Als Antwort konnte ich meinen Kopf nur negativ schütteln.
«Dann sollte ich mit Ihrer Erlaubnis den Rest Ihrer Vasallen umrunden und die Truhen an der bereits erwähnten Stelle platzieren.» Percy versuchte immer, die genauen Namen von Orten und Namen wegzulassen, als befürchtete er, dass jemand uns belauschen könnte.
«Das alles dauert nicht länger als einen Tag. Aber wenn etwas Unvorhergesehenes passiert, werde ich zu Ihnen zurückkehren, sobald Sie anrufen». Percy wich zum Ausgang zurück, bat erneut um meine Erlaubnis und flatterte, nachdem er sie erhalten hatte, in den hellen Schein des kommenden Tages.
«Lauf, feiger Elf, bevor die Flammen deine Flügel verbrennen», zischte jemand wütend. Es vergingen einige Sekunden, bis mir klar wurde, dass eine heisere, spöttische Stimme in meinem Kopf klingelte.

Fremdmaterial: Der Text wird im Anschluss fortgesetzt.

(* In the iAPG setting described in the context, assume $\mu>0$ and $\varepsilon_k=0$ for all $k\ge0$; let $\kappa=\frac{L_g}{\gamma_{\mathrm{dec}}\mu}$ and $C_L=\frac{L_g+L_h}{\sqrt{\underline L}}+\sqrt{\frac{L_g+L_h}{\gamma_{\mathrm{dec}}}}$. Suppose that for each $k\ge0$ a step $\tilde\eta_k$ with $\frac{\gamma_{\mathrm{dec}}}{L_g+L_h}<\tilde\eta_k\le\frac1{\underline L}$ is given and $\tilde x^{(k)}=\mathrm{prox}_{\tilde\eta_k r}\big(x^{(k)}-\tilde\eta_k(\nabla g(x^{(k)})+\nabla h(x^{(k)}))\big)$ satisfies $g(\tilde x^{(k)})+h(\tilde x^{(k)})\le g(x^{(k)})+h(x^{(k)})+\langle\nabla g(x^{(k)})+\nabla h(x^{(k)}),\tilde x^{(k)}-x^{(k)}\rangle+\frac1{2\tilde\eta_k}\|\tilde x^{(k)}-x^{(k)}\|^2$. Then for all $k\ge0$, $$\mathrm{dist}\big(0,\partial F(\tilde x^{(k)})\big)\le C_L\sqrt{2\Big(F(x^{(0)})-F^*+\frac{\gamma_0}{2}\|x^*-z^{(0)}\|^2\Big)}\Big(1-\sqrt{1/\kappa}\Big)^{k/2}.$$
   Context: iAPG setting. Let $g,h:\mathbb R^n\to\mathbb R$ and $r:\mathbb R^n\to\mathbb R\cup\{+\infty\}$, where $g$ is convex, $\mu$-strongly convex for some $\mu\ge0$, and differentiable with $L_g$-Lipschitz gradient ($L_g>0$); $h$ is convex and differentiable with $L_h$-Lipschitz gradient; $r$ is proper, closed and convex. Put $H=h+r$, $F=g+H$, and assume $F$ attains its minimum value $F^*$ at some point $x^*$. Fix constants $\gamma_{\mathrm{dec}}\in(0,1)$ and $\underline L>0$ with $\mu\le\underline L\le L_g$. We consider points $x^{(k)},z^{(k)},y^{(k)}\in\mathbb R^n$ and scalars $\eta_k>0,\alpha_k>0,\gamma_k>0,\varepsilon_k\ge0$ ($k\ge0$) such that $x^{(0)}=z^{(0)}\in\mathrm{dom}(H)$, $\gamma_0\ge\mu$, and for every $k\ge0$: (i) $\gamma_{\mathrm{dec}}/L_g<\eta_k\le1/\underline L$; (ii) $\gamma_{k+1}=\alpha_k^2/\eta_k=(1-\alpha_k)\gamma_k+\alpha_k\mu$; (iii) $y^{(k)}=\frac{1}{\alpha_k\gamma_k+\gamma_{k+1}}\big(\alpha_k\gamma_k z^{(k)}+\gamma_{k+1}x^{(k)}\big)$; (iv) $\mathrm{dist}\big(0,\ \nabla g(y^{(k)})+\tfrac1{\eta_k}(x^{(k+1)}-y^{(k)})+\partial H(x^{(k+1)})\big)\le\varepsilon_k$; (v) $g(x^{(k+1)})\le g(y^{(k)})+\langle\nabla g(y^{(k)}),x^{(k+1)}-y^{(k)}\rangle+\frac1{2\eta_k}\|x^{(k+1)}-y^{(k)}\|^2$; (vi) $z^{(k+1)}=x^{(k)}+\frac1{\alpha_k}(x^{(k+1)}-x^{(k)})$. Here $\partial$ denotes the convex subdifferential and $\mathrm{dist}(0,S)=\inf_{s\in S}\|s\|$. $\mathrm{prox}_{\eta r}(v)=\arg\min_u\{\frac12\|u-v\|^2+\eta r(u)\}$. *)

theory Defs
  imports "HOL-Analysis.Analysis"
begin

definition proper_fun :: "('a \<Rightarrow> ereal) \<Rightarrow> bool" where
  "proper_fun f \<longleftrightarrow> (\<forall>x. f x \<noteq> -\<infinity>) \<and> (\<exists>x. f x \<noteq> \<infinity>)"

definition epigraph :: "('a \<Rightarrow> ereal) \<Rightarrow> ('a \<times> real) set" where
  "epigraph f = {(x, t). f x \<le> ereal t}"

definition closed_fun :: "('a::topological_space \<Rightarrow> ereal) \<Rightarrow> bool" where
  "closed_fun f \<longleftrightarrow> closed (epigraph f)"

definition convex_fun :: "('a::real_vector \<Rightarrow> ereal) \<Rightarrow> bool" where
  "convex_fun f \<longleftrightarrow> convex (epigraph f)"

definition strongly_convex :: "real \<Rightarrow> ('a::real_normed_vector \<Rightarrow> real) \<Rightarrow> bool" where
  "strongly_convex \<mu> f \<longleftrightarrow> (\<forall>x y u. 0 \<le> u \<and> u \<le> 1 \<longrightarrow>
      f ((1 - u) *\<^sub>R x + u *\<^sub>R y) \<le> (1 - u) * f x + u * f y - \<mu> / 2 * u * (1 - u) * (norm (x - y))\<^sup>2)"

definition subdiff :: "('a::real_inner \<Rightarrow> ereal) \<Rightarrow> 'a \<Rightarrow> 'a set" where
  "subdiff f x = {v. \<bar>f x\<bar> \<noteq> \<infinity> \<and> (\<forall>y. f x + ereal (v \<bullet> (y - x)) \<le> f y)}"

text \<open>dist(0,S) = inf over s in S of norm s, as an extended real (= +infinity for empty S).\<close>
definition dist0 :: "'a::real_normed_vector set \<Rightarrow> ereal" where
  "dist0 S = (INF s\<in>S. ereal (norm s))"

definition is_prox :: "real \<Rightarrow> ('a::real_normed_vector \<Rightarrow> ereal) \<Rightarrow> 'a \<Rightarrow> 'a \<Rightarrow> bool" where
  "is_prox \<eta> r v p \<longleftrightarrow> (\<forall>u. ereal (1/2 * (norm (p - v))\<^sup>2) + ereal \<eta> * r p
                              \<le> ereal (1/2 * (norm (u - v))\<^sup>2) + ereal \<eta> * r u)"

end

theory Submission
  imports Defs
begin

text \<open>The exact iAPG iterates decrease the potential F(x k) - F* + \<gamma> k / 2 * norm (x* - z k)^2
  by the factor 1 - \<alpha> k per step; by induction \<gamma> k \<ge> \<mu>, so
  \<alpha> k^2 = \<eta> k * \<gamma> (k + 1) \<ge> \<eta> k * \<mu> > \<gamma>dec * \<mu> / Lg = 1 / \<kappa>, which gives the linear
  rate 1 - sqrt (1 / \<kappa>). The proximal-gradient point xt k comes with the explicit subgradient
  \<nabla>(g + h)(xt k) - \<nabla>(g + h)(x k) + (x k - xt k) / \<eta>t k of F, of norm at most
  (Lg + Lh + 1 / \<eta>t k) * norm (xt k - x k), while sufficient decrease bounds
  norm (xt k - x k)^2 by 2 \<eta>t k (F(x k) - F*), hence by 2 \<eta>t k times the potential.\<close>

section \<open>Differentiable convex functions\<close>

lemma directional_derivative_le_of_quadratic_bound:
  fixes f :: "'a::real_inner \<Rightarrow> real"
  assumes f_deriv: "(f has_derivative (\<lambda>d. D \<bullet> d)) (at y)"
    and bound: "\<And>t. 0 < t \<Longrightarrow> t \<le> 1 \<Longrightarrow> f (y + t *\<^sub>R d) \<le> f y + t * c + t\<^sup>2 * K"
  shows "D \<bullet> d \<le> c"
proof -
  let ?p = "\<lambda>t::real. f (y + t *\<^sub>R d)"
  have "((\<lambda>t. y + t *\<^sub>R d) has_derivative (\<lambda>t. t *\<^sub>R d)) (at 0)"
    by (auto intro!: derivative_eq_intros)
  from has_derivative_compose[OF this, of f "\<lambda>d. D \<bullet> d"] f_deriv
  have "(?p has_field_derivative (D \<bullet> d)) (at 0)"
    by (simp add: has_field_derivative_def mult.commute[of _ "D \<bullet> d"])
  hence "((\<lambda>t. (?p t - ?p 0) / t) \<longlongrightarrow> D \<bullet> d) (at_right 0)"
    by (auto simp: DERIV_def intro: tendsto_mono at_within_le_at)
  moreover have "((\<lambda>t. c + t * K) \<longlongrightarrow> c) (at_right (0::real))"
    by (auto intro!: tendsto_eq_intros)
  moreover have "eventually (\<lambda>t. (?p t - ?p 0) / t \<le> c + t * K) (at_right (0::real))"
  proof -
    have "eventually (\<lambda>t. t < 1) (at_right (0::real))"
      unfolding eventually_at_right_field by (rule exI[of _ 1]) auto
    with eventually_at_right_less show ?thesis
    proof eventually_elim
      case (elim t)
      hence "?p t - ?p 0 \<le> t * (c + t * K)"
        using bound[of t] by (simp add: power2_eq_square algebra_simps)
      thus ?case using elim by (simp add: divide_le_eq mult.commute)
    qed
  qed
  ultimately show ?thesis by (intro tendsto_le[of "at_right 0"]) auto
qed

lemma strongly_convex_gradient_ineq:
  fixes g :: "'a::real_inner \<Rightarrow> real"
  assumes g_deriv: "(g has_derivative (\<lambda>d. D \<bullet> d)) (at y)" and sc: "strongly_convex \<mu> g"
  shows "g y + D \<bullet> (u - y) + \<mu> / 2 * (norm (u - y))\<^sup>2 \<le> g u"
proof -
  have "D \<bullet> (u - y) \<le> g u - g y - \<mu> / 2 * (norm (u - y))\<^sup>2"
  proof (rule directional_derivative_le_of_quadratic_bound[OF g_deriv])
    fix t :: real assume t: "0 < t" "t \<le> 1"
    have "g ((1 - t) *\<^sub>R y + t *\<^sub>R u)
        \<le> (1 - t) * g y + t * g u - \<mu> / 2 * t * (1 - t) * (norm (y - u))\<^sup>2"
      using sc t unfolding strongly_convex_def by auto
    also have "\<dots> = g y + t * (g u - g y - \<mu> / 2 * (norm (u - y))\<^sup>2)
                     + t\<^sup>2 * (\<mu> / 2 * (norm (u - y))\<^sup>2)"
      by (simp add: norm_minus_commute power2_eq_square field_simps)
    finally show "g (y + t *\<^sub>R (u - y)) \<le> \<dots>"
      by (simp add: algebra_simps)
  qed
  thus ?thesis by simp
qed

lemma strongly_convex_imp_convex_on:
  fixes g :: "'a::real_normed_vector \<Rightarrow> real"
  assumes "strongly_convex \<mu> g" "\<mu> \<ge> 0"
  shows "convex_on UNIV g"
proof (rule convex_onI)
  fix t :: real and x y assume t: "0 < t" "t < 1"
  have "g ((1 - t) *\<^sub>R x + t *\<^sub>R y) \<le> (1 - t) * g x + t * g y - \<mu> / 2 * t * (1 - t) * (norm (x - y))\<^sup>2"
    using assms(1) t unfolding strongly_convex_def by auto
  also have "\<dots> \<le> (1 - t) * g x + t * g y"
    using assms(2) t by simp
  finally show "g ((1 - t) *\<^sub>R x + t *\<^sub>R y) \<le> (1 - t) * g x + t * g y" .
qed simp

lemma convex_on_gradient_ineq:
  fixes f :: "'a::real_inner \<Rightarrow> real"
  assumes f_deriv: "(f has_derivative (\<lambda>d. D \<bullet> d)) (at y)" and cvx: "convex_on UNIV f"
  shows "f y + D \<bullet> (u - y) \<le> f u"
proof -
  have "D \<bullet> (u - y) \<le> f u - f y"
  proof (rule directional_derivative_le_of_quadratic_bound[OF f_deriv, where K = 0])
    fix t :: real assume t: "0 < t" "t \<le> 1"
    have "f ((1 - t) *\<^sub>R y + t *\<^sub>R u) \<le> (1 - t) * f y + t * f u"
      using convex_onD[OF cvx] t by auto
    thus "f (y + t *\<^sub>R (u - y)) \<le> f y + t * (f u - f y) + t\<^sup>2 * 0"
      by (simp add: algebra_simps)
  qed
  thus ?thesis by simp
qed

lemma lipschitz_constant_nonneg:
  fixes f :: "'a::euclidean_space \<Rightarrow> 'b::real_normed_vector"
  assumes "\<And>u v. norm (f u - f v) \<le> L * norm (u - v)"
  shows "L \<ge> 0"
proof -
  obtain b :: 'a where "b \<in> Basis" using nonempty_Basis by blast
  hence "norm b > 0" using nonzero_Basis by auto
  moreover have "0 \<le> L * norm (b - 0)" using assms by (rule order_trans[OF norm_ge_zero])
  ultimately show ?thesis by (simp add: zero_le_mult_iff)
qed

section \<open>Proximal points\<close>

lemma convex_fun_combination_le:
  fixes r :: "'a::real_vector \<Rightarrow> ereal"
  assumes "convex_fun r" "r p = ereal a" "r u = ereal b" "0 \<le> t" "t \<le> 1"
  shows "r ((1 - t) *\<^sub>R p + t *\<^sub>R u) \<le> ereal ((1 - t) * a + t * b)"
proof -
  have "(p, a) \<in> epigraph r" "(u, b) \<in> epigraph r" using assms by (auto simp: epigraph_def)
  hence "(1 - t) *\<^sub>R (p, a) + t *\<^sub>R (u, b) \<in> epigraph r"
    using assms(1,4,5) unfolding convex_fun_def by (intro convexD) auto
  thus ?thesis by (simp add: epigraph_def)
qed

Ich hoffte, dass ich Menschen keinen Schaden zufügen könnte, wenn ich die Nacht außerhalb von Siedlungen in einer Höhle verbringen würde, die zwischen dem felsigen Kamm und kleinen Buchten verloren ist. Je weiter ich von lauten Städten komme, desto intakter werden sie sein. Anstatt die Gefahr abzuwehren, landete ich höchstwahrscheinlich an einem Ort, an dem es Rothbert leichter fiel, mich zu erreichen und mich zu zwingen, sich seiner Macht zu unterwerfen. Es war notwendig, sich so weit wie möglich von ihm zu entfernen. Gehen Sie lieber auf die Straße, damit so viele Wasser- und Landligen wie möglich zwischen mir und dem unglücklichen Ring liegen. Es wird möglich sein, über den Boden zu fliegen oder wie ein Schüler zu springen, der aus der Schule geflohen ist. Jeder Schritt, der mich vom Prinzen trennt, muss seine Macht über mich begrenzen.

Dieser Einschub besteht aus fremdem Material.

(* Let $f$ be a real function on $\mathbb{T}^\kappa$ and $g$ a real function on $\mathbb{T}$. Fix $0<\alpha\le1$ and put $\gamma=1-\alpha$. Then $$\int_a^b f(t)\,({}_a\Delta_h^{\alpha}g)(t)\,\Delta t=h^\gamma f(\rho(b))g(b)-h^\gamma f(a)g(a)+\int_a^{\rho(b)}({}_h\Delta_{\rho(b)}^{\alpha}f)(t)\,g(\sigma(t))\,\Delta t$$ $$\quad+\frac{\gamma}{\Gamma(\gamma+1)}g(a)\Bigl(\int_a^b(t+\gamma h-a)_h^{(\gamma-1)}f(t)\Delta t-\int_{\sigma(a)}^{b}(t+\gamma h-\sigma(a))_h^{(\gamma-1)}f(t)\Delta t\Bigr).$$
   Context: Let $a\in\mathbb{R}$, $h>0$, $b=a+kh$ with $k\in\mathbb{N}$, $k\ge2$, $\mathbb{T}=\{a,a+h,\dots,b\}$, $\mathbb{T}^\kappa=\mathbb{T}\setminus\{b\}$, $\sigma(t)=t+h$, $\rho(t)=t-h$, $G^\Delta(t)=(G(t+h)-G(t))/h$. For $c\le d$, $\int_c^dG(s)\Delta s:=h\sum_{j=0}^{(d-c)/h-1}G(c+jh)$. $h$-factorial: $x_h^{(y)}:=h^y\Gamma(\frac{x}{h}+1)/\Gamma(\frac{x}{h}+1-y)$ (division at a pole yields zero). For $\nu\ge0$, $c\in\mathbb{T}$, $G$ defined on $\{s\in\mathbb{T}:s\le c\}$ and $t\in\mathbb{T}$, $t\le c$: $({}_a\Delta_h^{-\nu}G)(t+\nu h):=h^\nu G(t)+\frac{\nu}{\Gamma(\nu+1)}\int_a^t(t+\nu h-\sigma(s))_h^{(\nu-1)}G(s)\Delta s$, $({}_h\Delta_c^{-\nu}G)(t-\nu h):=h^\nu G(t)+\frac{\nu}{\Gamma(\nu+1)}\int_{\sigma(t)}^{\sigma(c)}(s+\nu h-\sigma(t))_h^{(\nu-1)}G(s)\Delta s$. For $0<\alpha\le1$, $\gamma=1-\alpha$, $t\in\mathbb{T}$, $t<c$: left fractional difference $({}_a\Delta_h^{\alpha}G)(t):=[\tau\mapsto({}_a\Delta_h^{-\gamma}G)(\tau+\gamma h)]^\Delta(t)$; right fractional difference with endpoint $c$: $({}_h\Delta_c^{\alpha}G)(t):=-[\tau\mapsto({}_h\Delta_c^{-\gamma}G)(\tau-\gamma h)]^\Delta(t)$. *)

theory Defs
  imports "HOL-Analysis.Analysis"
begin

text \<open>Time scale T = {a, a+h, ..., b}; sigma t = t + h, rho t = t - h.
  Functions on T are modelled as total functions real => real; only their
  values on the relevant grid points are ever used.\<close>

definition dsigma :: "real \<Rightarrow> real \<Rightarrow> real" where
  "dsigma h t = t + h"

definition drho :: "real \<Rightarrow> real \<Rightarrow> real" where
  "drho h t = t - h"

definition delta_int :: "real \<Rightarrow> real \<Rightarrow> real \<Rightarrow> (real \<Rightarrow> real) \<Rightarrow> real" where
  "delta_int h c d G = h * (\<Sum>j<nat (round ((d - c) / h)). G (c + real j * h))"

Zuerst wollte ich einige Dinge in ein Bündel packen, aber dann entschied ich, dass das Reiselicht schneller sein würde. Höchstwahrscheinlich nahm Percy das Pferd mit, viele Ballen wertvoller Fracht verschwanden ebenfalls. Sicherlich gelang es Percy, sie an einen der sogenannten abgelegenen Orte zu ziehen, und ich saß vor einem erloschenen Feuer und hielt meinen Kopf in den Händen, wie ein Märchenelf, der gerade eine Tragödie überlebt hatte.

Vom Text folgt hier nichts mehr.